lemma L2_set_affine_comb_estimate:
  fixes G :: "nat \<Rightarrow> real^'n::finite \<Rightarrow> real"
  assumes G: "\<forall>i<n. affine_fun (G i)" and T: "finite T" "s0 \<notin> T"
    and \<mu>: "sum \<mu> (insert s0 T) = 1" "(\<Sum>v\<in>insert s0 T. \<mu> v *\<^sub>R v) = s"
  shows "\<bar>L2_set (\<lambda>i. G i s) {..<n} - \<bar>\<mu> s0\<bar> * L2_set (\<lambda>i. G i s0) {..<n}\<bar>
           \<le> (\<Sum>f\<in>T. \<bar>\<mu> f\<bar> * L2_set (\<lambda>i. G i f) {..<n})"
proof -
  define N where "N v = L2_set (\<lambda>i. G i v) {..<n}" for v
  define E where "E = (\<Sum>f\<in>T. \<bar>\<mu> f\<bar> * N f)"
  have Gs: "G i s = \<mu> s0 * G i s0 + (\<Sum>f\<in>T. \<mu> f * G i f)" if "i < n" for i
    using affine_fun_affine_comb[OF G[rule_format, OF that] finite.insertI[OF T(1)] \<mu>(1)] \<mu>(2) T
    by simp
  have rest: "L2_set (\<lambda>i. \<Sum>f\<in>T. c f * G i f) {..<n} \<le> (\<Sum>f\<in>T. \<bar>c f\<bar> * N f)" for c
    unfolding N_def by (rule L2_set_lincomb_le[OF T(1)])
  have "N s = L2_set (\<lambda>i. \<mu> s0 * G i s0 + (\<Sum>f\<in>T. \<mu> f * G i f)) {..<n}"
    unfolding N_def by (intro L2_set_cong) (auto simp: Gs)
  also have "\<dots> \<le> L2_set (\<lambda>i. \<mu> s0 * G i s0) {..<n} + L2_set (\<lambda>i. \<Sum>f\<in>T. \<mu> f * G i f) {..<n}"
    by (rule L2_set_triangle_ineq)
  also have "\<dots> \<le> \<bar>\<mu> s0\<bar> * N s0 + E"
    using rest[of \<mu>] unfolding E_def N_def L2_set_scale by simp
  finally have upper: "N s \<le> \<bar>\<mu> s0\<bar> * N s0 + E" .
  have "\<bar>\<mu> s0\<bar> * N s0 = L2_set (\<lambda>i. G i s + (\<Sum>f\<in>T. (- \<mu> f) * G i f)) {..<n}"
    unfolding N_def L2_set_scale[symmetric] by (intro L2_set_cong) (auto simp: Gs sum_negf)
  also have "\<dots> \<le> L2_set (\<lambda>i. G i s) {..<n} + L2_set (\<lambda>i. \<Sum>f\<in>T. (- \<mu> f) * G i f) {..<n}"
    by (rule L2_set_triangle_ineq)
  also have "\<dots> \<le> N s + E"
    using rest[of "\<lambda>f. - \<mu> f"] unfolding E_def N_def by simp
  finally have lower: "\<bar>\<mu> s0\<bar> * N s0 \<le> N s + E" .
  from upper lower show ?thesis unfolding N_def E_def by linarith
qed

lemma affine_negative_beyond_centroid:
  fixes l :: "real^'n::finite \<Rightarrow> real"
  assumes l: "affine_fun l" and T: "finite T" "T \<noteq> {}" and nonneg: "\<forall>f\<in>T. 0 \<le> l f"
    and q: "q = (\<Sum>f\<in>T. (1 / real (card T)) *\<^sub>R f)" and t: "0 < t"
    and neg: "l ((1+t) *\<^sub>R q - t *\<^sub>R s0) < 0"
  shows "0 < l s0" and "\<forall>f\<in>T. l f \<le> real (card T) * t * l s0"
proof -
  define m where "m = real (card T)"
  have m0: "m > 0" using T by (simp add: m_def card_gt_0_iff)
  have "l ((1+t) *\<^sub>R q - t *\<^sub>R s0) = (1+t) * l q - t * l s0"
    using l unfolding affine_fun_def by (auto simp: inner_diff_right algebra_simps)
  with neg have beyond: "(1+t) * l q < t * l s0" by simp
  have "l q = (\<Sum>f\<in>T. (1 / m) * l f)"
    unfolding q m_def[symmetric] using affine_fun_affine_comb[OF l T(1), of "\<lambda>_. 1 / m"] m0
    by (simp add: m_def)
  then have lq: "(\<Sum>f\<in>T. l f) = m * l q" and lq0: "l q \<ge> 0"
    using m0 nonneg by (simp_all add: sum_distrib_left sum_nonneg)
  have "0 \<le> (1+t) * l q" using lq0 t by simp
  with beyond have "0 < t * l s0" by linarith
  then show "0 < l s0" using t by (simp add: zero_less_mult_iff)
  show "\<forall>f\<in>T. l f \<le> m * t * l s0"
  proof
    fix f assume "f \<in> T"
    then have "l f \<le> (\<Sum>f\<in>T. l f)" using T nonneg by (intro member_le_sum) auto
    also have "\<dots> = m * l q" by (rule lq)
    also have "\<dots> \<le> m * ((1+t) * l q)"
      using m0 lq0 t by (intro mult_left_mono) (auto simp: algebra_simps)
    also have "\<dots> \<le> m * (t * l s0)" using m0 beyond by (intro mult_left_mono) auto
    finally show "l f \<le> m * t * l s0" by simp
  qed
qed

(* Normalising by
   L = l s0, X = l s / L approximates r to order t (as l is affine and l = O(t L) on T), while
   \<surd>X = |(g_i s)_i| / \<surd>L approximates |r| to order \<surd>t (as the g_i are affine and
   |(g_i f)_i| = O(\<surd>(t L)) on T). *)
lemma certificate_approximates_coefficient:
  fixes T :: "(real^'n::finite) set" and s0 s q :: "real^'n"
  assumes T: "finite T" "T \<noteq> {}" "s0 \<notin> T"
    and \<mu>: "sum \<mu> (insert s0 T) = 1" "(\<Sum>v\<in>insert s0 T. \<mu> v *\<^sub>R v) = s"
    and q: "q = (\<Sum>f\<in>T. (1 / real (card T)) *\<^sub>R f)" and t: "0 < t"
    and l: "affine_fun l" and gs: "\<forall>g\<in>set gs. affine_fun g"
    and sos: "\<forall>v\<in>insert s (insert s0 T). l v = (\<Sum>g\<leftarrow>gs. (g v)^2)"
    and neg: "l ((1+t) *\<^sub>R q - t *\<^sub>R s0) < 0"
  defines "m \<equiv> real (card T)" and "M \<equiv> (\<Sum>f\<in>T. \<bar>\<mu> f\<bar>)"
  shows "\<exists>X\<ge>0. \<bar>X - \<mu> s0\<bar> \<le> M * m * t \<and> \<bar>sqrt X - \<bar>\<mu> s0\<bar>\<bar> \<le> M * sqrt m * sqrt t"
proof -
  define r where "r = \<mu> s0"
  define N where "N v = L2_set (\<lambda>i. (gs ! i) v) {..<length gs}" for v
  have N: "N v = sqrt (l v)" and l_nonneg: "0 \<le> l v" if "v \<in> insert s (insert s0 T)" for v
  proof -
    have "l v = (\<Sum>i<length gs. ((gs ! i) v)^2)"
      using sos[rule_format, OF that] by (simp add: sum_list_sum_nth atLeast0LessThan)
    then show "N v = sqrt (l v)" "0 \<le> l v" by (simp_all add: N_def L2_set_def sum_nonneg)
  qed
  define L where "L = l s0"
  have L0: "0 < L" and small: "\<forall>f\<in>T. l f \<le> m * t * L"
    using affine_negative_beyond_centroid[OF l T(1,2) _ q t neg] l_nonneg
    by (simp_all add: L_def m_def)
  have "\<bar>l s - r * L\<bar> = \<bar>\<Sum>f\<in>T. \<mu> f * l f\<bar>"
    using affine_fun_affine_comb[OF l finite.insertI[OF T(1)] \<mu>(1)] \<mu>(2) T
    by (simp add: r_def L_def)
  also have "\<dots> \<le> (\<Sum>f\<in>T. \<bar>\<mu> f\<bar> * (m * t * L))"
    using small l_nonneg by (intro order.trans[OF sum_abs] sum_mono)
      (auto simp: abs_mult intro!: mult_left_mono)
  also have "\<dots> = M * (m * t * L)" unfolding M_def by (rule sum_distrib_right[symmetric])
  finally have value_est: "\<bar>l s - r * L\<bar> \<le> M * (m * t * L)" .
  have "\<bar>N s - \<bar>r\<bar> * N s0\<bar> \<le> (\<Sum>f\<in>T. \<bar>\<mu> f\<bar> * N f)"
    unfolding N_def r_def using gs T(1,3) \<mu>
    by (intro L2_set_affine_comb_estimate) auto
  also have "\<dots> \<le> (\<Sum>f\<in>T. \<bar>\<mu> f\<bar> * sqrt (m * t * L))"
    using small N by (intro sum_mono mult_left_mono) auto
  also have "\<dots> = M * sqrt (m * t * L)" unfolding M_def by (rule sum_distrib_right[symmetric])
  finally have "\<bar>N s - \<bar>r\<bar> * N s0\<bar> \<le> M * sqrt (m * t * L)" .
  then have norm_est: "\<bar>N s - \<bar>r\<bar> * sqrt L\<bar> \<le> M * sqrt m * sqrt t * sqrt L"
    using N[of s0] by (simp add: L_def real_sqrt_mult mult.assoc)
  define X where "X = l s / L"
  have "X \<ge> 0" unfolding X_def using l_nonneg L0 by simp
  moreover have "\<bar>X - r\<bar> \<le> M * m * t"
    using value_est L0 by (simp add: X_def field_simps abs_div divide_le_eq)
  moreover have "\<bar>sqrt X - \<bar>r\<bar>\<bar> \<le> M * sqrt m * sqrt t"
  proof -
    have sL: "sqrt L > 0" using L0 by simp
    have "sqrt X = N s / sqrt L" unfolding X_def using N by (simp add: real_sqrt_divide)
    then have "sqrt X - \<bar>r\<bar> = (N s - \<bar>r\<bar> * sqrt L) / sqrt L"
      using sL by (simp add: field_simps)
    then have "\<bar>sqrt X - \<bar>r\<bar>\<bar> = \<bar>N s - \<bar>r\<bar> * sqrt L\<bar> / sqrt L"
      using sL by (simp add: abs_div)
    also have "\<dots> \<le> M * sqrt m * sqrt t" using norm_est sL by (simp add: divide_le_eq)
    finally show ?thesis .
  qed
  ultimately show ?thesis unfolding r_def by blast
qed

lemma affine_coefficient_idempotent:
  fixes T :: "(real^'n::finite) set" and s0 s q :: "real^'n"
  assumes T: "finite T" "T \<noteq> {}" "s0 \<notin> T"
    and \<mu>: "sum \<mu> (insert s0 T) = 1" "(\<Sum>v\<in>insert s0 T. \<mu> v *\<^sub>R v) = s"
    and q: "q = (\<Sum>f\<in>T. (1 / real (card T)) *\<^sub>R f)"
    and certificates: "\<forall>t. 0 < t \<and> t \<le> 1 \<longrightarrow> (\<exists>l gs. affine_fun l \<and> (\<forall>g\<in>set gs. affine_fun g) \<and>
            (\<forall>v\<in>insert s (insert s0 T). l v = (\<Sum>g\<leftarrow>gs. (g v)^2)) \<and>
            l ((1+t) *\<^sub>R q - t *\<^sub>R s0) < 0)"
  shows "\<mu> s0 * \<mu> s0 = \<mu> s0"
proof (rule idempotent_if_approximated)
  define m where "m = real (card T)"
  define M where "M = (\<Sum>f\<in>T. \<bar>\<mu> f\<bar>)"
  show "0 \<le> M * m" "0 \<le> M * sqrt m" by (simp_all add: m_def M_def sum_nonneg)
  show "\<forall>t. 0 < t \<and> t \<le> 1 \<longrightarrow> (\<exists>X\<ge>0. \<bar>X - \<mu> s0\<bar> \<le> M * m * t \<and>
                                   \<bar>sqrt X - \<bar>\<mu> s0\<bar>\<bar> \<le> M * sqrt m * sqrt t)"
  proof (intro allI impI)
    fix t :: real assume t: "0 < t \<and> t \<le> 1"
    then obtain l gs where "affine_fun l" "\<forall>g\<in>set gs. affine_fun g"
      "\<forall>v\<in>insert s (insert s0 T). l v = (\<Sum>g\<leftarrow>gs. (g v)^2)" "l ((1+t) *\<^sub>R q - t *\<^sub>R s0) < 0"
      using certificates by blast
    from certificate_approximates_coefficient[OF T \<mu> q _ this] t
    show "\<exists>X\<ge>0. \<bar>X - \<mu> s0\<bar> \<le> M * m * t \<and> \<bar>sqrt X - \<bar>\<mu> s0\<bar>\<bar> \<le> M * sqrt m * sqrt t"
      unfolding m_def M_def by blast
  qed
qed

lemma certificate_outside_theta_body:
  fixes S :: "(real^'n::finite) set"
  assumes "p \<notin> theta_body 1 (vanishing_ideal S)"
  shows "\<exists>l gs. affine_fun l \<and> (\<forall>g\<in>set gs. affine_fun g) \<and>
           (\<forall>v\<in>S. l v = (\<Sum>g\<leftarrow>gs. (g v)^2)) \<and> l p < 0"
proof -
  obtain l where l: "poly_deg_le 1 l" "k_sos_mod 1 (vanishing_ideal S) l" "l p < 0"
    using assms unfolding theta_body_def by force
  then obtain gs where gs: "\<forall>g\<in>set gs. poly_deg_le 1 g"
    and "(\<lambda>x. l x - (\<Sum>g\<leftarrow>gs. (g x)^2)) \<in> vanishing_ideal S"
    unfolding k_sos_mod_def by blast
  then have "\<forall>v\<in>S. l v = (\<Sum>g\<leftarrow>gs. (g v)^2)" unfolding vanishing_ideal_def by auto
  with l gs show ?thesis using poly_deg_le_1_imp_affine_fun by blast
qed

(* Given a facet F = conv T of conv S, some point of S lies strictly inside the facet
   halfspace, and together with T it affinely spans aff S (as dim F = dim S - 1). *)
lemma facet_opposite_point:
  fixes S :: "(real^'n::finite) set"
  assumes F: "F facet_of convex hull S" "F = convex hull S \<inter> {x. a \<bullet> x = b}"
    and valid: "convex hull S \<subseteq> {x. a \<bullet> x \<le> b}"
    and T: "T \<subseteq> S" "F = convex hull T"
  shows "\<exists>s0\<in>S. a \<bullet> s0 < b \<and> affine hull (insert s0 T) = affine hull S"
proof -
  obtain s0 where s0: "s0 \<in> S" "s0 \<notin> F"
  proof (rule ccontr)
    assume "\<not> thesis"
    with that have "S \<subseteq> F" by blast
    moreover have "convex F" using facet_of_imp_face_of[OF F(1)] by (rule face_of_imp_convex)
    ultimately have "convex hull S \<subseteq> F" by (rule hull_minimal)
    then have "F = convex hull S" using F(2) by blast
    with F(1) show False by simp
  qed
  have "s0 \<in> convex hull S" using s0(1) by (rule hull_inc)
  with s0(2) F(2) valid have below: "a \<bullet> s0 < b" by force
  have "affine hull T \<subseteq> {x. a \<bullet> x = b}"
    by (rule hull_minimal) (use F(2) T(2) hull_subset[of T convex] in \<open>auto simp: affine_hyperplane\<close>)
  with below have "s0 \<notin> affine hull T" by force
  then have "aff_dim (insert s0 T) = aff_dim T + 1" by (simp add: aff_dim_insert)
  also have "aff_dim T = aff_dim (convex hull S) - 1"
    using F(1) T(2) by (simp add: facet_of_def aff_dim_convex_hull)
  finally have "aff_dim (insert s0 T) = aff_dim S" by (simp add: aff_dim_convex_hull)
  moreover have "insert s0 T \<subseteq> S" using s0(1) T(1) by blast
  ultimately show ?thesis using below s0(1) aff_dim_eq_full_gen by blast
qed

--

Only lines containing the word "leftarrow" should be copied from the material above.

> **ANSWER AREA**
    and sos: "\<forall>v\<in>insert s (insert s0 T). l v = (\<Sum>g\<leftarrow>gs. (g v)^2)"
            (\<forall>v\<in>insert s (insert s0 T). l v = (\<Sum>g\<leftarrow>gs. (g v)^2)) \<and>
      "\<forall>v\<in>insert s (insert s0 T). l v = (\<Sum>g\<leftarrow>gs. (g v)^2)" "l ((1+t) *\<^sub>R q - t *\<^sub>R s0) < 0"
           (\<forall>v\<in>S. l v = (\<Sum>g\<leftarrow>gs. (g v)^2)) \<and> l p < 0"
    and "(\<lambda>x. l x - (\<Sum>g\<leftarrow>gs. (g x)^2)) \<in> vanishing_ideal S"
  then have "\<forall>v\<in>S. l v = (\<Sum>g\<leftarrow>gs. (g v)^2)" unfolding vanishing_ideal_def by auto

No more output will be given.